## [Task statement]
From the entries below, copy exactly the lines from the one that contains "then show ?thesis by (simp only: c_def)" through the one that contains "using incidence_coloring_subgraph[OF cH'", both included, and only those.

## [Recorded information]
lemma card_colors_toward_le_1:
  assumes sH: "simple_graph H" and reg: "regular H"
    and c: "incidence_coloring H c (max_degree H + 1)"
  shows "card (colors_toward c H v) \<le> 1"
proof (cases "v \<in> verts H")
  case True
  let ?Out = "(\<lambda>e. c (v, e)) ` {e \<in> edges H. v \<in> e}"
  have card_Out: "card ?Out = max_degree H"
    using card_image[OF inj_on_colors_at_vertex[OF c]] reg True
    by (simp add: regular_def degree_def)
  have Out: "?Out \<subseteq> {..<max_degree H + 1}"
    using c by (auto simp: incidence_coloring_def incidences_def)
  have "colors_toward c H v \<subseteq> {..<max_degree H + 1} - ?Out"
  proof
    fix x assume "x \<in> colors_toward c H v"
    then obtain w e where x: "x = c (w, e)" "e \<in> edges H" "v \<in> e" "w \<in> e" "w \<noteq> v"
      unfolding colors_toward_def by blast
    then have "e = {w, v}" using sH by (auto simp: simple_graph_def card_2_iff)
    have "c (w, e) \<noteq> c (v, e')" if "e' \<in> edges H" "v \<in> e'" for e'
    proof -
      have "(w, e) \<in> incidences H" "(v, e') \<in> incidences H"
        using x that by (simp_all add: incidences_def)
      moreover have "inc_adjacent (w, e) (v, e')"
        using \<open>e = {w, v}\<close> by (simp add: inc_adjacent_def)
      ultimately show ?thesis using c x(5) unfolding incidence_coloring_def by blast
    qed
    moreover have "(w, e) \<in> incidences H" using x by (simp add: incidences_def)
    ultimately show "x \<in> {..<max_degree H + 1} - ?Out"
      using x(1) incidence_coloring_range[OF c] by fastforce
  qed
  then have "card (colors_toward c H v) \<le> card ({..<max_degree H + 1} - ?Out)"
    by (intro card_mono) auto
  also have "\<dots> = 1"
    using card_Diff_subset[OF finite_subset[OF Out] Out] card_Out by simp
  finally show ?thesis .
next
  case False
  with sH have "colors_toward c H v = {}" by (auto simp: simple_graph_def colors_toward_def)
  then show ?thesis by (metis card.empty zero_le)
qed

lemma card_colors_around_le:
  assumes sub: "subgraph H H'" and reg: "regular H'"
    and c: "incidence_coloring H' c (max_degree H' + 1)"
  shows "card (colors_around c H v) \<le> max_degree H + 1"
proof -
  have sH: "simple_graph H" and sH': "simple_graph H'" and E: "edges H \<subseteq> edges H'"
    using sub by (simp_all add: subgraph_def)
  let ?Out = "(\<lambda>e. c (v, e)) ` {e \<in> edges H. v \<in> e}"
  have "card ?Out \<le> card {e \<in> edges H. v \<in> e}"
    using finite_edges[OF sH] by (intro card_image_le) simp
  also have "\<dots> \<le> max_degree H"
    using degree_le_max_degree[OF sH] by (simp add: degree_def)
  finally have Out: "card ?Out \<le> max_degree H" .
  have "colors_toward c H' v \<subseteq> {..<max_degree H' + 1}"
    using c by (auto simp: incidence_coloring_def incidences_def colors_toward_def)
  moreover have "colors_toward c H v \<subseteq> colors_toward c H' v"
    using E unfolding colors_toward_def by blast
  ultimately have "card (colors_toward c H v) \<le> card (colors_toward c H' v)"
    by (meson card_mono finite_lessThan finite_subset)
  also have "\<dots> \<le> 1"
    by (rule card_colors_toward_le_1[OF sH' reg c])
  finally have "card (colors_toward c H v) \<le> 1" .
  with Out show ?thesis
    using card_Un_le[of ?Out "colors_toward c H v"] by (simp add: colors_around_eq)
qed

lemma renamings_avoiding_colors_around:
  assumes "subgraph H H'" "regular H'" "incidence_coloring H' c (max_degree H' + 1)"
    and "max_degree H + 1 + k \<le> N"
  obtains \<tau> :: "'a \<Rightarrow> nat \<Rightarrow> nat"
  where "\<And>v. inj_on (\<tau> v) {..<k}" "\<And>v. \<tau> v ` {..<k} \<subseteq> {..<N} - colors_around c H v"
proof -
  have "\<exists>f. inj_on f {..<k} \<and> f ` {..<k} \<subseteq> {..<N} - colors_around c H v" for v
  proof -
    have "colors_around c H v \<subseteq> {..<max_degree H' + 1}"
      using colors_around_subset incidence_coloring_subgraph assms(1,3)
      by (metis order_refl subgraph_def)
    then have "finite (colors_around c H v)" using finite_subset by blast
    moreover have "card (colors_around c H v) + k \<le> N"
      using card_colors_around_le[OF assms(1-3), of v] assms(4) by simp
    ultimately show ?thesis by (metis inj_into_complement)
  qed
  then show ?thesis using that by metis
qed

section \<open>Coloring the product\<close>

lemma incidence_coloring_cartesian_product:
  fixes cG :: "'a \<times> 'a set \<Rightarrow> nat" and cH :: "'b \<times> 'b set \<Rightarrow> nat"
  assumes sG: "simple_graph G" and sH: "simple_graph H"
    and cG: "incidence_coloring G cG k" and cH: "incidence_coloring H cH N"
    and inj_\<tau>: "\<And>v. inj_on (\<tau> v) {..<k}"
    and range_\<tau>: "\<And>v. \<tau> v ` {..<k} \<subseteq> {..<N} - colors_around cH H v"
  shows "incidence_coloring (cartesian_product G H)
           (\<lambda>(x, e). if fst ` e \<in> edges G then \<tau> (snd x) (cG (fst x, fst ` e))
                     else cH (snd x, snd ` e)) N"
    (is "incidence_coloring ?P _ N")
proof -
  (* An edge lies in a G-layer iff its first projection is an edge of G;
     for an edge in an H-layer that projection is a singleton. *)
  define c :: "('a \<times> 'b) \<times> ('a \<times> 'b) set \<Rightarrow> nat" where
    "c = (\<lambda>(x, e). if fst ` e \<in> edges G then \<tau> (snd x) (cG (fst x, fst ` e))
                  else cH (snd x, snd ` e))"
  have c_left: "c ((a, v), (\<lambda>x. (x, v)) ` e) = \<tau> v (cG (a, e))" if "e \<in> edges G" for a v e
  proof -
    have "fst ` (\<lambda>x. (x, v)) ` e = e" by force
    with that show ?thesis by (simp add: c_def)
  qed
  have c_right: "c ((u, b), Pair u ` f) = cH (b, f)" if "(b, f) \<in> incidences H" for u b f
  proof -
    from that have "fst ` Pair u ` f = {u}" "snd ` Pair u ` f = f"
      by (force simp: incidences_def)+
    moreover have "{u} \<notin> edges G" using sG by (auto simp: simple_graph_def)
    ultimately show ?thesis by (simp add: c_def)
  qed
  have cG_range: "cG i \<in> {..<k}" if "i \<in> incidences G" for i
    using cG that by (simp add: incidence_coloring_def)
  have left_range: "c ((a, v), (\<lambda>x. (x, v)) ` e) \<in> {..<N} - colors_around cH H v"
    if "(a, e) \<in> incidences G" for a v e
    using that c_left cG_range range_\<tau> by (fastforce simp: incidences_def)
  have right_range: "c ((u, b), Pair u ` f) \<in> {..<N}" if "(b, f) \<in> incidences H" for u b f
    using that c_right cH by (simp add: incidence_coloring_def)
  have left_left: "c i \<noteq> c j"
    if "i = ((a, v), (\<lambda>x. (x, v)) ` e)" "(a, e) \<in> incidences G"
      "j = ((b, w), (\<lambda>x. (x, w)) ` f)" "(b, f) \<in> incidences G"
      "i \<noteq> j" "inc_adjacent i j" for i j a v e b w f
  proof -
    have "v = w \<and> inc_adjacent (a, e) (b, f)"
      by (rule inc_adjacent_image_copies[where \<phi> = "\<lambda>v x. (x, v)"])
        (use that in \<open>auto simp: incidences_def\<close>)
    then have "v = w" "inc_adjacent (a, e) (b, f)" by simp_all
    moreover from this that(1,3,5) have "(a, e) \<noteq> (b, f)" by auto
    ultimately have "cG (a, e) \<noteq> cG (b, f)"
      using cG that(2,4) by (auto simp: incidence_coloring_def)
    moreover have "cG (a, e) \<in> {..<k}" "cG (b, f) \<in> {..<k}"
      using cG_range that(2,4) by blast+
    ultimately have "\<tau> v (cG (a, e)) \<noteq> \<tau> v (cG (b, f))"
      using inj_on_eq_iff[OF inj_\<tau>[of v]] by blast
    then show ?thesis using c_left that(1-4) \<open>v = w\<close> by (simp add: incidences_def)
  qed
  have right_right: "c i \<noteq> c j"
    if "i = ((u, a), Pair u ` e)" "(a, e) \<in> incidences H"
      "j = ((w, b), Pair w ` f)" "(b, f) \<in> incidences H"
      "i \<noteq> j" "inc_adjacent i j" for i j u a e w b f
  proof -
    have "u = w \<and> inc_adjacent (a, e) (b, f)"
      by (rule inc_adjacent_image_copies[where \<phi> = Pair])
        (use that in \<open>auto simp: incidences_def\<close>)
    then have "u = w" "inc_adjacent (a, e) (b, f)" by simp_all
    moreover from this that(1,3,5) have "(a, e) \<noteq> (b, f)" by auto
    ultimately have "cH (a, e) \<noteq> cH (b, f)"
      using cH that(2,4) by (auto simp: incidence_coloring_def)
    then show ?thesis using c_right that(1-4) by simp
  qed
  have left_right: "c i \<noteq> c j"
    if "i = ((a, v), (\<lambda>x. (x, v)) ` e)" "(a, e) \<in> incidences G"
      "j = ((u, b), Pair u ` f)" "(b, f) \<in> incidences H"
      "inc_adjacent i j" for i j a v e u b f
  proof -
    have "v \<in> f"
      using inc_adjacent_left_right_copies that by (auto simp: incidences_def)
    then have "cH (b, f) \<in> colors_around cH H v"
      using that(4) by (auto simp: colors_around_def incidences_def)
    moreover have "c i \<notin> colors_around cH H v"
      using left_range[OF that(2)] that(1) by blast
    ultimately show ?thesis using c_right[OF that(4)] that(3) by auto
  qed
  have "incidence_coloring ?P c N"
    unfolding incidence_coloring_def
  proof (intro conjI ballI impI)
    fix i assume "i \<in> incidences ?P"
    with sG sH show "c i < N"
      by (cases rule: incidence_cartesian_product_cases) (use left_range right_range in auto)
  next
    fix i j assume i: "i \<in> incidences ?P" and j: "j \<in> incidences ?P"
      and ij: "i \<noteq> j \<and> inc_adjacent i j"
    from sG sH i show "c i \<noteq> c j"
    proof (cases rule: incidence_cartesian_product_cases)
      case i_left: left
      from sG sH j show ?thesis
      proof (cases rule: incidence_cartesian_product_cases)
        case left
        with i_left ij show ?thesis by (metis left_left)
      next
        case right
        with i_left ij show ?thesis by (metis left_right)
      qed
    next
      case i_right: right
      from sG sH j show ?thesis
      proof (cases rule: incidence_cartesian_product_cases)
        case left
        with i_right ij show ?thesis by (metis left_right inc_adjacent_sym)
      next
        case right
        with i_right ij show ?thesis by (metis right_right)
      qed
    qed
  qed
  then show ?thesis by (simp only: c_def)
qed

theorem mainTheorem2:
  fixes G :: "'a graph" and H H' :: "'b graph"
  assumes "simple_graph G" and "delta_plus_graph 1 G"
    and "subgraph H H'" and "regular H'" and "delta_plus_graph 1 H'"
    and "max_degree G + 1 \<ge> max_degree H' - max_degree H"
  shows "incidence_chromatic (cartesian_product G H)
           \<le> max_degree (cartesian_product G H) + 2"
proof -
  have sH: "simple_graph H" and E: "edges H \<subseteq> edges H'"
    using assms(3) by (simp_all add: subgraph_def)
  obtain cG where cG: "incidence_coloring G cG (max_degree G + 1)"
    using assms(2) by (auto simp: delta_plus_graph_def)
  obtain cH where cH': "incidence_coloring H' cH (max_degree H' + 1)"
    using assms(5) by (auto simp: delta_plus_graph_def)
  define N where "N = max_degree G + max_degree H + 2"
  have cH: "incidence_coloring H cH N"
    using incidence_coloring_subgraph[OF cH' E] assms(6) by (simp add: N_def)
  obtain \<tau> where "\<And>v. inj_on (\<tau> v) {..<max_degree G + 1}"
    and "\<And>v. \<tau> v ` {..<max_degree G + 1} \<subseteq> {..<N} - colors_around cH H v"
    by (rule renamings_avoiding_colors_around[OF assms(3,4) cH',
          where k = "max_degree G + 1" and N = N]) (auto simp: N_def)
  then have colorable: "incidence_chromatic (cartesian_product G H) \<le> N"
    by (rule incidence_chromatic_le[OF incidence_coloring_cartesian_product[OF assms(1) sH cG cH]])
  show ?thesis
  proof (cases "verts G = {} \<or> verts H = {}")
    case True
    then show ?thesis
      by (simp add: edges_cartesian_product_eq_empty[OF assms(1) sH]
          incidence_chromatic_eq_0_if_no_edges)
  next
    case False
    then show ?thesis
      using colorable max_degree_cartesian_product_ge[OF assms(1) sH] by (simp add: N_def)
  qed
qed

end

## [Result below]
  then show ?thesis by (simp only: c_def)
qed

theorem mainTheorem2:
  fixes G :: "'a graph" and H H' :: "'b graph"
  assumes "simple_graph G" and "delta_plus_graph 1 G"
    and "subgraph H H'" and "regular H'" and "delta_plus_graph 1 H'"
    and "max_degree G + 1 \<ge> max_degree H' - max_degree H"
  shows "incidence_chromatic (cartesian_product G H)
           \<le> max_degree (cartesian_product G H) + 2"
proof -
  have sH: "simple_graph H" and E: "edges H \<subseteq> edges H'"
    using assms(3) by (simp_all add: subgraph_def)
  obtain cG where cG: "incidence_coloring G cG (max_degree G + 1)"
    using assms(2) by (auto simp: delta_plus_graph_def)
  obtain cH where cH': "incidence_coloring H' cH (max_degree H' + 1)"
    using assms(5) by (auto simp: delta_plus_graph_def)
  define N where "N = max_degree G + max_degree H + 2"
  have cH: "incidence_coloring H cH N"
    using incidence_coloring_subgraph[OF cH' E] assms(6) by (simp add: N_def)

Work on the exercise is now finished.